(Beginning of Exercise material)

lemma stabilizes_witness:
  assumes a: "a ^ 4 = a + 1" and Fa: "F a = a + 1" and Fl: "F l + l = a"
  shows "stabilizes l (a * a / (a + 1)) (a * a + 1)"
proof -
  define x where "x = a * a / (a + 1)"
  define y where "y = a * a + 1"
  have "a \<noteq> 0" and "a + 1 \<noteq> 0"
    using root_x4_x_1_nonzero[OF char2 a] by simp_all
  have FFa: "F (F a) = a"
    by (simp add: Fa F_add F_1 char2)
  have FFl: "F (F l) + l = 1"
    using Fl Fa by (simp add: F_add char2 flip: Fl)
  have Fx: "F x = (a + 1) * (a + 1) / a" and FFx: "F (F x) = x"
    by (simp_all add: x_def F_divide F_mult F_add F_1 Fa FFa char2)
  have Fy: "F y = a * a" and FFy: "F (F y) = y"
    by (simp_all add: y_def F_mult F_add F_1 Fa FFa char2 algebra_simps)
  have "a * F x = (a + 1) * (a + 1)"
    using \<open>a \<noteq> 0\<close> by (simp add: Fx)
  then have "a * F x = F (F y)"
    unfolding FFy by (simp add: y_def algebra_simps char2)
  moreover have "F (F x) + a * F y + F (F y) = 0"
  proof -
    have "(a + 1) * x = a * a"
      using \<open>a + 1 \<noteq> 0\<close> by (simp add: x_def)
    then have "(a + 1) * (x + a * (a * a) + y) = a * a + (a + 1) * (a * (a * a) + y)"
      by (simp add: algebra_simps)
    also have "\<dots> = a ^ 4 + a + 1"
      by (simp add: y_def algebra_simps char2 power4_eq_xxxx)
    also have "x + a * (a * a) + y = F (F x) + a * F y + F (F y)"
      using FFx Fy FFy by simp
    finally show ?thesis
      using \<open>a + 1 \<noteq> 0\<close> a by (simp add: char2)
  qed
  ultimately have "stabilizes l x y"
    by (simp add: stabilizes_iff Fl FFl)
  then show ?thesis
    by (simp add: x_def y_def)
qed

end

section \<open>The Frobenius of a field of order \<open>q ^ 4\<close>\<close>

lemma frobenius4_power:
  assumes card: "CARD('a::{field,finite}) = q ^ 4" and q: "q = 2 ^ h"
  shows "frobenius4 (\<lambda>x::'a. x ^ q)"
proof
  show char2: "(2::'a) = 0"
    using card q two_eq_0_if_CARD_power_2[of "h * 4"] by (simp add: power_mult)
  show "(a + b) ^ q = a ^ q + b ^ q" for a b :: 'a
    using power_2_power_add_char2[OF char2] q by simp
  show "(((x ^ q) ^ q) ^ q) ^ q = x" for x :: 'a
    using power_CARD_eq_self[of x] card by (simp add: power_mult[symmetric] power4_eq_xxxx mult.assoc)
qed (simp_all add: power_mult_distrib)

lemma stabilizer_in_Fq:
  assumes card: "CARD('a::{field,finite}) = q ^ 4" and q: "q = 2 ^ h" and "h mod 4 \<noteq> 2"
    and stab: "frobenius4.stabilizes (\<lambda>x::'a. x ^ q) l x y" and "x \<noteq> 0 \<or> y \<noteq> 0"
  shows "l ^ q = l"
proof (rule ccontr)
  assume "l ^ q \<noteq> l"
  interpret frobenius4 "\<lambda>x::'a. x ^ q"
    using card q by (rule frobenius4_power)
  obtain w c :: 'a where w: "w * w + w + 1 = 0" and "w ^ q = w"
    and c: "c * c + c = w * w" and "c ^ q = c + 1"
    using stabilizes_outside_fixed_field[OF stab \<open>x \<noteq> 0 \<or> y \<noteq> 0\<close> \<open>l ^ q \<noteq> l\<close>] .
  show False
  proof (cases "odd h")
    case True
    then show False
      using power_2_power_odd_cube_root[OF char2 w] \<open>w ^ q = w\<close> q by simp
  next
    case False
    then have "4 dvd h" and "even h"
      using \<open>h mod 4 \<noteq> 2\<close> by presburger+
    then show False
      using root_x4_x_1_power_2_power[OF char2 power_4_eq_if_cube_root_relation[OF char2 w c]]
        \<open>c ^ q = c + 1\<close> q by simp
  qed
qed

lemma exists_root_x4_x_1:
  assumes "CARD('a::{field,finite}) = 16 ^ k"
  obtains a :: "'a::{field,finite}" where "a ^ 4 = a + 1"
proof -
  have card: "CARD('a) = 4 ^ (2 * k)"
    using assms by (simp add: power_mult)
  then have char2: "(2::'a) = 0"
    using two_eq_0_if_CARD_power_2[of "4 * k"] by (simp add: power_mult)
  have "(\<Sum>i<2 * k. (1::'a) ^ (4 ^ i)) = of_nat (2 * k)"
    by simp
  also have "\<dots> = 0"
    using char2 by simp
  finally have "(1::'a) \<in> range (\<lambda>x. x ^ 4 + x)"
    using artin_schreier(2)[OF card, of 2] by simp
  then obtain a :: 'a where "1 = a ^ 4 + a"
    by blast
  then have "a ^ 4 = a + 1"
    using add_eq_iff_char2[OF char2, of "a ^ 4" a 1] by (simp add: add.commute)
  then show thesis
    by (rule that)
qed

lemma exists_stabilizer_outside_Fq:
  assumes card: "CARD('a::{field,finite}) = q ^ 4" and q: "q = 2 ^ h" and "h \<ge> 1"
    and "h mod 4 = 2"
  obtains l x y :: "'a::{field,finite}" where "l ^ q \<noteq> l" and "x \<noteq> 0 \<or> y \<noteq> 0"
    and "frobenius4.stabilizes (\<lambda>x::'a. x ^ q) l x y"
proof -
  interpret frobenius4 "\<lambda>x::'a. x ^ q"
    using card q by (rule frobenius4_power)
  have "((2::nat) ^ h) ^ 4 = (2 ^ 4) ^ h"
    by (simp only: power_mult[symmetric] mult.commute)
  then have "CARD('a) = 16 ^ h"
    using card q by simp
  then obtain a :: 'a where a: "a ^ 4 = a + 1"
    by (rule exists_root_x4_x_1)
  have "even h" and "\<not> 4 dvd h"
    using \<open>h mod 4 = 2\<close> by presburger+
  then have Fa: "a ^ q = a + 1"
    using root_x4_x_1_power_2_power[OF char2 a] q by simp
  have "(\<Sum>i<4. a ^ (q ^ i)) = a + a ^ q + (a ^ q) ^ q + ((a ^ q) ^ q) ^ q"
    by (simp add: eval_nat_numeral power_mult algebra_simps)
  also have "\<dots> = 0"
    by (simp add: Fa F_add char2 algebra_simps)
  finally have "a \<in> range (\<lambda>x. x ^ q + x)"
    using artin_schreier(2)[OF card q \<open>h \<ge> 1\<close>] by simp
  then obtain l where Fl: "l ^ q + l = a"
    by auto
  have "a * a + 1 = (a + 1) * (a + 1)"
    by (simp add: algebra_simps char2)
  then have "a * a + 1 \<noteq> 0"
    using root_x4_x_1_nonzero(2)[OF char2 a] by simp
  moreover have "l ^ q \<noteq> l"
    using Fl root_x4_x_1_nonzero(1)[OF char2 a] add_self_char2[OF char2, of l] by auto
  moreover have "stabilizes l (a * a / (a + 1)) (a * a + 1)"
    using a Fa Fl by (rule stabilizes_witness)
  ultimately show thesis
    using that by blast
qed

theorem theorem4p1:
  fixes h :: nat and q :: nat and U :: "('a::{field,finite} ^ 4) set"
  assumes "h \<ge> 1" and "q = 2 ^ h" and "CARD('a) = q ^ 4"
    and "U = {vector [x, y, x ^ q + y ^ (q^2), x ^ (q^2) + y ^ q + y ^ (q^2)] | x y. True}"
  shows "maximum_scattered q 4 U \<longleftrightarrow> h mod 4 \<noteq> 2"
proof -
  note h = assms(1) and q = assms(2) and card = assms(3)
  interpret frobenius4 "\<lambda>x::'a. x ^ q"
    using card q by (rule frobenius4_power)
  have U: "U = {upoint x y | x y. True}"
    using assms(4) by (simp add: upoint_def power2_eq_square power_mult)
  have K: "is_subfield (Fq q :: 'a set)"
    using F_add q by (intro is_subfield_Fq) simp_all
  have sub: "Fq_subspace q U"
    unfolding U by (rule Fq_subspace_upoints) (simp add: Fq_def)
  have "card U = CARD('a \<times> 'a)"
    unfolding U by (rule card_upoints)
  also have "\<dots> = q ^ 8"
    using card by (simp add: card_cartesian_product flip: UNIV_Times_UNIV power_add)
  finally have dim: "Fq_dim q U = 8"
    using artin_schreier(1)[OF card q h] by (intro Fq_dim_eq[OF K _ sub]) (simp_all add: Fq_def)
  have "scattered q U \<longleftrightarrow> (\<forall>x y l. upoint x y \<noteq> 0 \<longrightarrow> smultv l (upoint x y) \<in> U \<longrightarrow> l \<in> Fq q)"
    using scattered_iff[OF K sub] unfolding U by blast
  also have "\<dots> \<longleftrightarrow> (\<forall>l x y. (x \<noteq> 0 \<or> y \<noteq> 0) \<longrightarrow> stabilizes l x y \<longrightarrow> l ^ q = l)"
    unfolding U smultv_upoint_in_upoints_iff upoint_eq_0_iff Fq_def by blast
  finally show ?thesis
    using dim stabilizer_in_Fq[OF card q] exists_stabilizer_outside_Fq[OF card q h]
    by (auto simp: maximum_scattered_def)
qed

end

(End of Exercise material)

Your task is to transcribe, with no changes, only the lines of the listing above that lie between the line holding "fixes h :: nat" and the line holding "(\<forall>l x y.", inclusive.

  fixes h :: nat and q :: nat and U :: "('a::{field,finite} ^ 4) set"
  assumes "h \<ge> 1" and "q = 2 ^ h" and "CARD('a) = q ^ 4"
    and "U = {vector [x, y, x ^ q + y ^ (q^2), x ^ (q^2) + y ^ q + y ^ (q^2)] | x y. True}"
  shows "maximum_scattered q 4 U \<longleftrightarrow> h mod 4 \<noteq> 2"
proof -
  note h = assms(1) and q = assms(2) and card = assms(3)
  interpret frobenius4 "\<lambda>x::'a. x ^ q"
    using card q by (rule frobenius4_power)
  have U: "U = {upoint x y | x y. True}"
    using assms(4) by (simp add: upoint_def power2_eq_square power_mult)
  have K: "is_subfield (Fq q :: 'a set)"
    using F_add q by (intro is_subfield_Fq) simp_all
  have sub: "Fq_subspace q U"
    unfolding U by (rule Fq_subspace_upoints) (simp add: Fq_def)
  have "card U = CARD('a \<times> 'a)"
    unfolding U by (rule card_upoints)
  also have "\<dots> = q ^ 8"
    using card by (simp add: card_cartesian_product flip: UNIV_Times_UNIV power_add)
  finally have dim: "Fq_dim q U = 8"
    using artin_schreier(1)[OF card q h] by (intro Fq_dim_eq[OF K _ sub]) (simp_all add: Fq_def)
  have "scattered q U \<longleftrightarrow> (\<forall>x y l. upoint x y \<noteq> 0 \<longrightarrow> smultv l (upoint x y) \<in> U \<longrightarrow> l \<in> Fq q)"
    using scattered_iff[OF K sub] unfolding U by blast
  also have "\<dots> \<longleftrightarrow> (\<forall>l x y. (x \<noteq> 0 \<or> y \<noteq> 0) \<longrightarrow> stabilizes l x y \<longrightarrow> l ^ q = l)"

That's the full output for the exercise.